*The task*
All that is needed is a count of the lines in this data that contain the word "then".

[Records from a collection]
text \<open>Conversely, if x_1^k m \<in> B then m is in the saturation (by Borel dominance every degree-k
  multiple of m is in B), so x_0^k m lies in the extended saturation.\<close>
lemma x0_power_in_extended_saturation:
  assumes B: "borel_set n r B" and n: "1 \<le> n"
    and m: "Poly_Mapping.keys m \<subseteq> {1..n}" "mdeg m + k = r"
    and mB: "m + Poly_Mapping.single 1 k \<in> B"
  shows "(mono_poly (m + Poly_Mapping.single 0 k) :: 'k::field mpoly)
           \<in> ideal_gen {0..n} (saturation n (ideal_gen {1..n} (mono_poly ` B)))"
proof -
  have sat: "(mono_poly m :: 'k mpoly) \<in> saturation n (ideal_gen {1..n} (mono_poly ` B))"
    unfolding saturation_def
  proof (intro CollectI conjI exI[of _ k] ballI)
    show "(mono_poly m :: 'k mpoly) \<in> poly_ring {1..n}" using m(1) by (rule mono_poly_ring)
    fix u assume u: "u \<in> monos_in {1..n} k"
    have "u + m \<in> Pn1 n r" using u m keys_add[of u m]
      unfolding monos_in_def by (auto simp: mdeg_add)
    then have "u + m \<in> B"
      using borel_dominance[OF B n mB] by (auto simp: lookup_add lookup_single)
    then have "mono_poly 0 * mono_poly (u + m) \<in> ideal_gen {1..n} (mono_poly ` B :: 'k mpoly set)"
      by (intro ideal_gen_generator_multiple mono_poly_ring) auto
    then show "mono_poly u * mono_poly m \<in> ideal_gen {1..n} (mono_poly ` B :: 'k mpoly set)"
      by (simp add: mono_poly_mult)
  qed
  have "(mono_poly (Poly_Mapping.single 0 k) :: 'k mpoly) \<in> poly_ring {0..n}"
    by (rule mono_poly_ring) auto
  from ideal_gen_generator_multiple[OF this sat] show ?thesis
    by (simp add: mono_poly_mult add.commute)
qed

lemma dec_moves_from_complement_avoid_ideal:
  assumes n: "1 \<le> n" and B: "borel_set n r B"
    and a: "a \<in> Pn1 n r" "a \<notin> B" and ab: "(dec_move n)\<^sup>*\<^sup>* a b"
  shows "b \<in> Pn n r"
    and "(mono_poly b :: 'k::field mpoly) \<notin> ideal_gen {0..n} (saturation n (ideal_gen {1..n} (mono_poly ` B)))"
proof -
  have "a \<in> Pn n r" using a(1) unfolding monos_in_def by auto
  then show "b \<in> Pn n r" using dec_moves_Pn ab by blast
  show "(mono_poly b :: 'k::field mpoly) \<notin> ideal_gen {0..n} (saturation n (ideal_gen {1..n} (mono_poly ` B)))"
    using no_sat_divisor_along_dec_moves[OF B ab complement_no_sat_divisor[OF B n a]]
      extended_saturation_sat_divisor[OF n] by blast
qed

lemma outside_ideal_reached_from_complement:
  assumes n: "1 \<le> n" and B: "borel_set n r B" and a: "a \<in> Pn n r"
    and out: "(mono_poly a :: 'k::field mpoly) \<notin> ideal_gen {0..n} (saturation n (ideal_gen {1..n} (mono_poly ` B)))"
  shows "\<exists>a0\<in>Pn1 n r - B. (dec_move n)\<^sup>*\<^sup>* a0 a"
proof -
  obtain m k where a_eq: "a = m + Poly_Mapping.single 0 k"
    and m: "Poly_Mapping.keys m \<subseteq> {1..n}" "mdeg m + k = r"
    using split_x0[OF a] by blast
  have "m + Poly_Mapping.single 1 k \<notin> B"
    using x0_power_in_extended_saturation[OF B n m] out a_eq by blast
  moreover have "m + Poly_Mapping.single 1 k \<in> Pn1 n r" using x1_power_in_Pn1[OF n m] .
  ultimately show ?thesis using dec_moves_x1_to_x0[OF n, of m k] a_eq by blast
qed

theorem lemma4p1:
  fixes n r :: nat and Bbar :: "(nat \<Rightarrow>\<^sub>0 nat) set"
  assumes "1 \<le> n"
    and "borel_set n r Bbar"
  shows "{b. \<exists>a\<in>Pn1 n r - Bbar. (dec_move n)\<^sup>*\<^sup>* a b}
         = Pn n r - {a \<in> Pn n r. (mono_poly a :: 'k::field mpoly)
              \<in> ideal_gen {0..n} (saturation n (ideal_gen {1..n} (mono_poly ` Bbar)))}"
  using dec_moves_from_complement_avoid_ideal[OF assms]
    outside_ideal_reached_from_complement[OF assms]
  by blast

end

*Result*
5